- _Information_
--- START ---
lemma state_key_determines:
  assumes pm: "perfect_matching (pyrene_V n) (pyrene_E n) M" and j: "j < n"
    and "state_key c j \<subseteq> M" "state_edges c' j \<subseteq> M"
  shows "c = c'"
proof -
  have "\<forall>c c'. state_key c j \<subseteq> M \<longrightarrow> state_edges c' j \<subseteq> M \<longrightarrow> c = c'"
    using fragment_constraints(1)[OF pm j, unfolded all_site incident.simps exactly_one_in_simps]
    unfolding all_state state_key.simps state_edges.simps top_half_def bottom_half_def
    by (simp only: if_True if_False insert_subset empty_subsetI Un_subset_iff Un_insert_left
        Un_empty_left state.distinct state.inject simp_thms) (intro conjI impI; sat)
  with assms(3,4) show ?thesis by blast
qed

lemma state_edges_determine:
  assumes "perfect_matching (pyrene_V n) (pyrene_E n) M" "j < n"
    and "state_edges c j \<subseteq> M" "state_edges c' j \<subseteq> M"
  shows "c = c'"
  using state_key_determines[OF assms(1,2) _ assms(4)] state_key_subset assms(3) by blast

definition state_of :: "(int \<times> int) set set \<Rightarrow> nat \<Rightarrow> state" where
  "state_of M j = (THE c. state_edges c j \<subseteq> M)"
(* There exists $\lambda_{**}>0$ such that for all $\lambda\in(0,\lambda_{**})$ one has $\mathcal{N}_\lambda^0=\{0\}$.
   Context: Let $s\in(0,1)$, $p>1$, $n>ps$, $p_s^*=\frac{np}{n-ps}$, $\Omega\subset\mathbb{R}^n$ a bounded smooth domain, $a,b>0$, $\theta>1$, $\alpha\in(0,1)$, $c\in L^\infty(\Omega)$, $c\ge0$, $\lambda>0$, and $1<p<p\theta<q\le p_s^*$. $X_0$ is the space of measurable $u$ on $\mathbb{R}^n$ vanishing a.e. outside $\Omega$ with $\|u\|:=\big(\int_{\mathbb{R}^{2n}}\frac{|u(x)-u(y)|^p}{|x-y|^{n+ps}}dxdy\big)^{1/p}<\infty$; $\|u\|_r$ is the $L^r(\Omega)$ norm; $u^+=\max\{u,0\}$. $f$ is homogeneous of order $q-1$ in the second variable, $F(x,t)=\int_0^tf(x,\tau)d\tau$, $qF=tf$, $|F(x,t)|\le\gamma|t|^q$. For $u\in X_0$ set $\varphi_u'(1)=a\|u\|^p+\|u\|_p^p+b\|u\|^{p\theta}-\int_\Omega c(u^+)^{1-\alpha}-\lambda q\int_\Omega F(x,u^+)$ and $\varphi_u''(1)=(p-1)(a\|u\|^p+\|u\|_p^p)+b(p\theta-1)\|u\|^{p\theta}+\alpha\int_\Omega c(u^+)^{1-\alpha}-\lambda q(q-1)\int_\Omega F(x,u^+)$; $\mathcal{N}_\lambda^0=\{u\in X_0:\varphi_u'(1)=0,\ \varphi_u''(1)=0\}$. *)

theory Defs
  imports "HOL-Analysis.Analysis"
begin

text \<open>Encoded coinductively: g lies in a family S of functions, each continuous on U and each
  having all partial derivatives on U, these again belonging to S.\<close>
definition smooth_on :: "(real^'n) set \<Rightarrow> (real^'n \<Rightarrow> real) \<Rightarrow> bool" where
  "smooth_on U g \<longleftrightarrow> (\<exists>S. g \<in> S \<and> (\<forall>h\<in>S. continuous_on U h \<and>
      (\<forall>i. \<exists>h'\<in>S. \<forall>x\<in>U. ((\<lambda>t. h (x + t *\<^sub>R axis i 1)) has_real_derivative h' x) (at 0))))"

definition smooth_bounded_domain :: "(real^'n) set \<Rightarrow> bool" where
  "smooth_bounded_domain \<Omega> \<longleftrightarrow> open \<Omega> \<and> connected \<Omega> \<and> \<Omega> \<noteq> {} \<and> bounded \<Omega> \<and>
     (\<forall>x\<in>frontier \<Omega>. \<exists>U \<phi>. open U \<and> x \<in> U \<and> smooth_on U \<phi> \<and>
        (\<forall>y\<in>U. \<exists>D. (\<phi> has_derivative D) (at y) \<and> D \<noteq> (\<lambda>_. 0)) \<and>
        \<Omega> \<inter> U = {y\<in>U. \<phi> y < 0})"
--- END ---
- _Your task_
Please give again only the lines from the start of the material through the line holding "(* There exists", exactly as they are written.

- _Task answer_
lemma state_key_determines:
  assumes pm: "perfect_matching (pyrene_V n) (pyrene_E n) M" and j: "j < n"
    and "state_key c j \<subseteq> M" "state_edges c' j \<subseteq> M"
  shows "c = c'"
proof -
  have "\<forall>c c'. state_key c j \<subseteq> M \<longrightarrow> state_edges c' j \<subseteq> M \<longrightarrow> c = c'"
    using fragment_constraints(1)[OF pm j, unfolded all_site incident.simps exactly_one_in_simps]
    unfolding all_state state_key.simps state_edges.simps top_half_def bottom_half_def
    by (simp only: if_True if_False insert_subset empty_subsetI Un_subset_iff Un_insert_left
        Un_empty_left state.distinct state.inject simp_thms) (intro conjI impI; sat)
  with assms(3,4) show ?thesis by blast
qed

lemma state_edges_determine:
  assumes "perfect_matching (pyrene_V n) (pyrene_E n) M" "j < n"
    and "state_edges c j \<subseteq> M" "state_edges c' j \<subseteq> M"
  shows "c = c'"
  using state_key_determines[OF assms(1,2) _ assms(4)] state_key_subset assms(3) by blast

definition state_of :: "(int \<times> int) set set \<Rightarrow> nat \<Rightarrow> state" where
  "state_of M j = (THE c. state_edges c j \<subseteq> M)"
(* There exists $\lambda_{**}>0$ such that for all $\lambda\in(0,\lambda_{**})$ one has $\mathcal{N}_\lambda^0=\{0\}$.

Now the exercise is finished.